(* Every real-valued function $f$ on streams that is subadditive, non-negative, bounded and monotone is $2$-almost-smooth.
   Context: For disjoint consecutive segments $A,B$ of a stream, $AB$ denotes their concatenation; $n$ is a size measure of the stream. $f$ is subadditive if $f(AB)\le f(A)+f(B)$ for all disjoint segments $A,B$; non-negative if $f(A)\ge0$; bounded if $f(A)\le\mathrm{poly}(n)$ for every stream $A$; monotone if $f(AB)\ge f(B)$ and $f(AB)\ge f(A)$ for all disjoint segments $A,B$. A function is $d$-almost-smooth if it is $(1,d)$-almost-smooth, where $f$ is $(c,d)$-almost-smooth ($c,d\ge1$) if: (1) $f(A)\ge0$ for all $A$; (2) $f(B)\le c\,f(AB)$ for all disjoint segments $A,B$; (3) $f(A)\le\mathrm{poly}(n)$; (4) for all disjoint consecutive segments $A,B,C$ with $f(AB)\neq0$ and $f(ABC)\ne0$, $\frac{f(B)}{f(AB)}\le d\cdot\frac{f(BC)}{f(ABC)}$. *)

theory Defs
  imports Complex_Main
begin

text \<open>Streams are modelled as lists over an item type; a segment is itself a list,
and the concatenation AB of consecutive disjoint segments is A @ B.
The size measure n of a stream is its length.\<close>

definition subadditive :: "('a list \<Rightarrow> real) \<Rightarrow> bool" where
  "subadditive f \<longleftrightarrow> (\<forall>A B. f (A @ B) \<le> f A + f B)"

definition nonneg :: "('a list \<Rightarrow> real) \<Rightarrow> bool" where
  "nonneg f \<longleftrightarrow> (\<forall>A. f A \<ge> 0)"

definition poly_bounded :: "('a list \<Rightarrow> real) \<Rightarrow> bool" where
  "poly_bounded f \<longleftrightarrow> (\<exists>c::real. \<exists>k::nat. \<forall>A. f A \<le> c * (real (length A) + 1) ^ k)"

definition stream_monotone :: "('a list \<Rightarrow> real) \<Rightarrow> bool" where
  "stream_monotone f \<longleftrightarrow> (\<forall>A B. f (A @ B) \<ge> f B \<and> f (A @ B) \<ge> f A)"

definition almost_smooth :: "real \<Rightarrow> real \<Rightarrow> ('a list \<Rightarrow> real) \<Rightarrow> bool" where
  "almost_smooth c d f \<longleftrightarrow> c \<ge> 1 \<and> d \<ge> 1 \<and>
     (\<forall>A. f A \<ge> 0) \<and>
     (\<forall>A B. f B \<le> c * f (A @ B)) \<and>
     poly_bounded f \<and>
     (\<forall>A B C. f (A @ B) \<noteq> 0 \<and> f (A @ B @ C) \<noteq> 0 \<longrightarrow>
        f B / f (A @ B) \<le> d * (f (B @ C) / f (A @ B @ C)))"

definition d_almost_smooth :: "real \<Rightarrow> ('a list \<Rightarrow> real) \<Rightarrow> bool" where
  "d_almost_smooth d f \<longleftrightarrow> almost_smooth 1 d f"

end

theory Submission
  imports Defs
begin

text \<open>Monotonicity bounds f B by both f (A @ B) and f (B @ C), while subadditivity together with
  f C \<le> f (B @ C) bounds f (A @ B @ C) by f (A @ B) + f (B @ C). The claim then reduces to an
  inequality between reals: if 0 \<le> b \<le> min x y and z \<le> x + y \<le> 2 max x y, then
  b z \<le> min x y \<cdot> 2 max x y = 2 x y.\<close>

lemma divide_le_twice_divide:
  fixes b x y z :: real
  assumes "0 < x" "0 < z" "0 \<le> b" "b \<le> x" "b \<le> y" "z \<le> x + y"
  shows "b / x \<le> 2 * (y / z)"
proof -
  have "b * z \<le> 2 * (x * y)"
  proof (cases "y \<le> x")
    case True
    have "b * z \<le> y * z" using assms by (simp add: mult_right_mono)
    also have "\<dots> \<le> y * (2 * x)" using assms True by (intro mult_left_mono) auto
    finally show ?thesis by (simp add: algebra_simps)
  next
    case False
    have "b * z \<le> x * z" using assms by (simp add: mult_right_mono)
    also have "\<dots> \<le> x * (2 * y)" using assms False by (intro mult_left_mono) auto
    finally show ?thesis by (simp add: algebra_simps)
  qed
  then show ?thesis using assms by (simp add: field_simps)
qed

lemma stream_monotone_le_append:
  assumes "stream_monotone f"
  shows "f B \<le> f (A @ B)" and "f A \<le> f (A @ B)"
  using assms unfolding stream_monotone_def by auto

lemma subadditive_overlap:
  assumes "subadditive f" "stream_monotone f"
  shows "f (A @ B @ C) \<le> f (A @ B) + f (B @ C)"
proof -
  have "f ((A @ B) @ C) \<le> f (A @ B) + f C"
    using assms(1) unfolding subadditive_def by blast
  moreover have "f C \<le> f (B @ C)"
    using assms(2) by (rule stream_monotone_le_append)
  ultimately show ?thesis by simp
qed

theorem lemma2p4:
  fixes f :: "'a list \<Rightarrow> real"
  assumes "subadditive f" and "nonneg f" and "poly_bounded f" and "stream_monotone f"
  shows "d_almost_smooth 2 f"
  unfolding d_almost_smooth_def almost_smooth_def
proof (intro conjI allI impI)
  have nonneg: "\<And>X. 0 \<le> f X" using assms(2) unfolding nonneg_def by blast
  fix A B C :: "'a list"
  assume "f (A @ B) \<noteq> 0 \<and> f (A @ B @ C) \<noteq> 0"
  then have "0 < f (A @ B)" "0 < f (A @ B @ C)"
    using nonneg[of "A @ B"] nonneg[of "A @ B @ C"] by auto
  then show "f B / f (A @ B) \<le> 2 * (f (B @ C) / f (A @ B @ C))"
    using nonneg[of B] stream_monotone_le_append[OF assms(4)]
      subadditive_overlap[OF assms(1,4)]
    by (intro divide_le_twice_divide) auto
next
  fix A B :: "'a list"
  show "f B \<le> 1 * f (A @ B)" using stream_monotone_le_append(1)[OF assms(4)] by simp
qed (use assms in \<open>auto simp: nonneg_def\<close>)

end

☆ ☆ ☆ ☆ ☆

Problem to solve:
Set down every entry exactly as given.

Output of the exercise:
(* Every real-valued function $f$ on streams that is subadditive, non-negative, bounded and monotone is $2$-almost-smooth.
   Context: For disjoint consecutive segments $A,B$ of a stream, $AB$ denotes their concatenation; $n$ is a size measure of the stream. $f$ is subadditive if $f(AB)\le f(A)+f(B)$ for all disjoint segments $A,B$; non-negative if $f(A)\ge0$; bounded if $f(A)\le\mathrm{poly}(n)$ for every stream $A$; monotone if $f(AB)\ge f(B)$ and $f(AB)\ge f(A)$ for all disjoint segments $A,B$. A function is $d$-almost-smooth if it is $(1,d)$-almost-smooth, where $f$ is $(c,d)$-almost-smooth ($c,d\ge1$) if: (1) $f(A)\ge0$ for all $A$; (2) $f(B)\le c\,f(AB)$ for all disjoint segments $A,B$; (3) $f(A)\le\mathrm{poly}(n)$; (4) for all disjoint consecutive segments $A,B,C$ with $f(AB)\neq0$ and $f(ABC)\ne0$, $\frac{f(B)}{f(AB)}\le d\cdot\frac{f(BC)}{f(ABC)}$. *)

theory Defs
  imports Complex_Main
begin

text \<open>Streams are modelled as lists over an item type; a segment is itself a list,
and the concatenation AB of consecutive disjoint segments is A @ B.
The size measure n of a stream is its length.\<close>

definition subadditive :: "('a list \<Rightarrow> real) \<Rightarrow> bool" where
  "subadditive f \<longleftrightarrow> (\<forall>A B. f (A @ B) \<le> f A + f B)"

definition nonneg :: "('a list \<Rightarrow> real) \<Rightarrow> bool" where
  "nonneg f \<longleftrightarrow> (\<forall>A. f A \<ge> 0)"

definition poly_bounded :: "('a list \<Rightarrow> real) \<Rightarrow> bool" where
  "poly_bounded f \<longleftrightarrow> (\<exists>c::real. \<exists>k::nat. \<forall>A. f A \<le> c * (real (length A) + 1) ^ k)"

definition stream_monotone :: "('a list \<Rightarrow> real) \<Rightarrow> bool" where
  "stream_monotone f \<longleftrightarrow> (\<forall>A B. f (A @ B) \<ge> f B \<and> f (A @ B) \<ge> f A)"

definition almost_smooth :: "real \<Rightarrow> real \<Rightarrow> ('a list \<Rightarrow> real) \<Rightarrow> bool" where
  "almost_smooth c d f \<longleftrightarrow> c \<ge> 1 \<and> d \<ge> 1 \<and>
     (\<forall>A. f A \<ge> 0) \<and>
     (\<forall>A B. f B \<le> c * f (A @ B)) \<and>
     poly_bounded f \<and>
     (\<forall>A B C. f (A @ B) \<noteq> 0 \<and> f (A @ B @ C) \<noteq> 0 \<longrightarrow>
        f B / f (A @ B) \<le> d * (f (B @ C) / f (A @ B @ C)))"

definition d_almost_smooth :: "real \<Rightarrow> ('a list \<Rightarrow> real) \<Rightarrow> bool" where
  "d_almost_smooth d f \<longleftrightarrow> almost_smooth 1 d f"

end

theory Submission
  imports Defs
begin

text \<open>Monotonicity bounds f B by both f (A @ B) and f (B @ C), while subadditivity together with
  f C \<le> f (B @ C) bounds f (A @ B @ C) by f (A @ B) + f (B @ C). The claim then reduces to an
  inequality between reals: if 0 \<le> b \<le> min x y and z \<le> x + y \<le> 2 max x y, then
  b z \<le> min x y \<cdot> 2 max x y = 2 x y.\<close>

lemma divide_le_twice_divide:
  fixes b x y z :: real
  assumes "0 < x" "0 < z" "0 \<le> b" "b \<le> x" "b \<le> y" "z \<le> x + y"
  shows "b / x \<le> 2 * (y / z)"
proof -
  have "b * z \<le> 2 * (x * y)"
  proof (cases "y \<le> x")
    case True
    have "b * z \<le> y * z" using assms by (simp add: mult_right_mono)
    also have "\<dots> \<le> y * (2 * x)" using assms True by (intro mult_left_mono) auto
    finally show ?thesis by (simp add: algebra_simps)
  next
    case False
    have "b * z \<le> x * z" using assms by (simp add: mult_right_mono)
    also have "\<dots> \<le> x * (2 * y)" using assms False by (intro mult_left_mono) auto
    finally show ?thesis by (simp add: algebra_simps)
  qed
  then show ?thesis using assms by (simp add: field_simps)
qed

lemma stream_monotone_le_append:
  assumes "stream_monotone f"
  shows "f B \<le> f (A @ B)" and "f A \<le> f (A @ B)"
  using assms unfolding stream_monotone_def by auto

lemma subadditive_overlap:
  assumes "subadditive f" "stream_monotone f"
  shows "f (A @ B @ C) \<le> f (A @ B) + f (B @ C)"
proof -
  have "f ((A @ B) @ C) \<le> f (A @ B) + f C"
    using assms(1) unfolding subadditive_def by blast
  moreover have "f C \<le> f (B @ C)"
    using assms(2) by (rule stream_monotone_le_append)
  ultimately show ?thesis by simp
qed

theorem lemma2p4:
  fixes f :: "'a list \<Rightarrow> real"
  assumes "subadditive f" and "nonneg f" and "poly_bounded f" and "stream_monotone f"
  shows "d_almost_smooth 2 f"
  unfolding d_almost_smooth_def almost_smooth_def
proof (intro conjI allI impI)
  have nonneg: "\<And>X. 0 \<le> f X" using assms(2) unfolding nonneg_def by blast
  fix A B C :: "'a list"
  assume "f (A @ B) \<noteq> 0 \<and> f (A @ B @ C) \<noteq> 0"
  then have "0 < f (A @ B)" "0 < f (A @ B @ C)"
    using nonneg[of "A @ B"] nonneg[of "A @ B @ C"] by auto
  then show "f B / f (A @ B) \<le> 2 * (f (B @ C) / f (A @ B @ C))"
    using nonneg[of B] stream_monotone_le_append[OF assms(4)]
      subadditive_overlap[OF assms(1,4)]
    by (intro divide_le_twice_divide) auto
next
  fix A B :: "'a list"
  show "f B \<le> 1 * f (A @ B)" using stream_monotone_le_append(1)[OF assms(4)] by simp
qed (use assms in \<open>auto simp: nonneg_def\<close>)

end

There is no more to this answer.